Actually your tax preparer is correct, you would file the 1040NR. For the 2013 tax year you would be considered "dual status" (you were both a resident and a non resident), and according to the IRS website, if you were a non resident at the end of the year;

"You must file Form 1040NR, U.S. Nonresident Alien Income Tax Return or Form 1040NR-EZ, U.S. Income Tax Return for Certain Nonresident Aliens With No Dependents if you are a dual-status taxpayer who gives up residence in the United States during the year and who is not a U.S. resident on the last day of the tax year. Write "Dual-Status Return" across the top of the return. Attach a statement to your return to show the income for the part of the year you are a resident. You can use Form 1040, U.S. Individual Income Tax Return as the statement, but be sure to mark "Dual-Status Statement" across the top."


If you want more information, you can view the IRS page, http://www.irs.gov/Individuals/International-Taxpayers/Taxation-of-Dual-Status-Aliens.
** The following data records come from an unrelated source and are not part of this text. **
lemma poly_weight_poly:
  "poly (weight_poly s L) x = (x + real s + 1 gchoose Suc s) * (real L + real s - x gchoose s)"
  by (simp add: weight_poly_def poly_pcompose poly_gchoose_poly algebra_simps)

lemma poly_sym_weight_poly:
  "poly (sym_weight_poly s L) x = (x + real s gchoose s) * (real L + real s - x gchoose s)"
  by (simp add: sym_weight_poly_def poly_pcompose poly_gchoose_poly algebra_simps)

lemma weight_poly_nonzero: "weight_poly s L \<noteq> 0"
  and degree_weight_poly: "degree (weight_poly s L) = Suc (2 * s)"
  using gchoose_poly_pcompose_linear[of 1 "Suc s" "real s + 1"]
    gchoose_poly_pcompose_linear[of "-1" s "real L + real s"]
  by (auto simp: weight_poly_def degree_mult_eq)

lemma sym_weight_poly_nonzero: "sym_weight_poly s L \<noteq> 0"
  and degree_sym_weight_poly: "degree (sym_weight_poly s L) = 2 * s"
  using gchoose_poly_pcompose_linear[of 1 s "real s"]
    gchoose_poly_pcompose_linear[of "-1" s "real L + real s"]
  by (auto simp: sym_weight_poly_def degree_mult_eq)

lemma poly_weight_poly_eq_sym:
  "poly (weight_poly s L) x = (x + real s + 1) / (real s + 1) * poly (sym_weight_poly s L) x"
proof -
  have "(real s + 1) * (x + real s + 1 gchoose Suc s) = (x + real s + 1) * (x + real s gchoose s)"
    using gbinomial_absorption[of s "x + real s + 1"] by (simp add: add.commute)
  then have "(x + real s + 1 gchoose Suc s) = (x + real s + 1) / (real s + 1) * (x + real s gchoose s)"
    by (simp add: field_simps)
  then show ?thesis
    by (simp add: poly_weight_poly poly_sym_weight_poly)
qed

lemma bdiff_weight_poly_top:
  "bdiff (Suc (2 * s)) (poly (weight_poly s L)) x = fact (Suc (2 * s)) * lead_coeff (weight_poly s L)"
  by (simp add: bdiff_poly_degree_le degree_weight_poly del: bdiff.simps)

lemma bdiff_weight_poly_above: "bdiff (Suc (Suc (2 * s))) (poly (weight_poly s L)) x = 0"
  using bdiff_poly_degree_le[of "weight_poly s L" "Suc (Suc (2 * s))" x]
  by (simp add: degree_weight_poly coeff_eq_0 del: bdiff.simps)

lemma bdiff_weight_poly_centre:
  assumes "even L"
  shows "bdiff (2 * s) (poly (weight_poly s L)) (real L / 2 + real s) \<noteq> 0"
proof -
  define c where "c = real L / 2"
  define f where "f y = (y - c) * poly (sym_weight_poly s L) y" for y
  have "f (2 * c - y) = - f y" for y
    by (simp add: f_def c_def poly_sym_weight_poly algebra_simps)
  then have f_centre: "bdiff (2 * s) f (c + real s) = 0"
    by (rule bdiff_even_order_antisymmetric)
  have "poly (weight_poly s L)
      = (\<lambda>y. (c + real s + 1) / (real s + 1) * poly (sym_weight_poly s L) y + 1 / (real s + 1) * f y)"
    by (rule ext) (simp add: poly_weight_poly_eq_sym f_def add_divide_distrib ring_distribs)
  then have "bdiff (2 * s) (poly (weight_poly s L)) (c + real s)
      = (c + real s + 1) / (real s + 1) * bdiff (2 * s) (poly (sym_weight_poly s L)) (c + real s)"
    by (simp only: bdiff_add bdiff_cmult f_centre mult_zero_right add_0_right)
  also have "\<dots> = (c + real s + 1) / (real s + 1) * (fact (2 * s) * lead_coeff (sym_weight_poly s L))"
    by (simp add: bdiff_poly_degree_le degree_sym_weight_poly del: bdiff.simps)
  also have "\<dots> \<noteq> 0"
    using sym_weight_poly_nonzero by (simp add: c_def add_pos_nonneg)
  finally show ?thesis
    by (simp add: c_def)
qed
**Please note that most preparers (in practice) will complete the standard 1040 to determine your liability while still a resident, and then flow that information over to the 1040NR. The 1040NR will be the main item of your return, but it is entirely possible for both forms to be included.

I hope this helps!

David McKeegan


----------



## amills

Thank you very much. Your answer has given me faith in the tax preparer! Thanks also for the link to the Taxation of Dual-Status Aliens. I'll read this in the morning when I'm feeling more alert. Tending to be a little nervous about getting everything right - I don't find all the detail and wording easy to understand.


----------



## amills

Oh. It so happens I'm using your company to do my return!


----------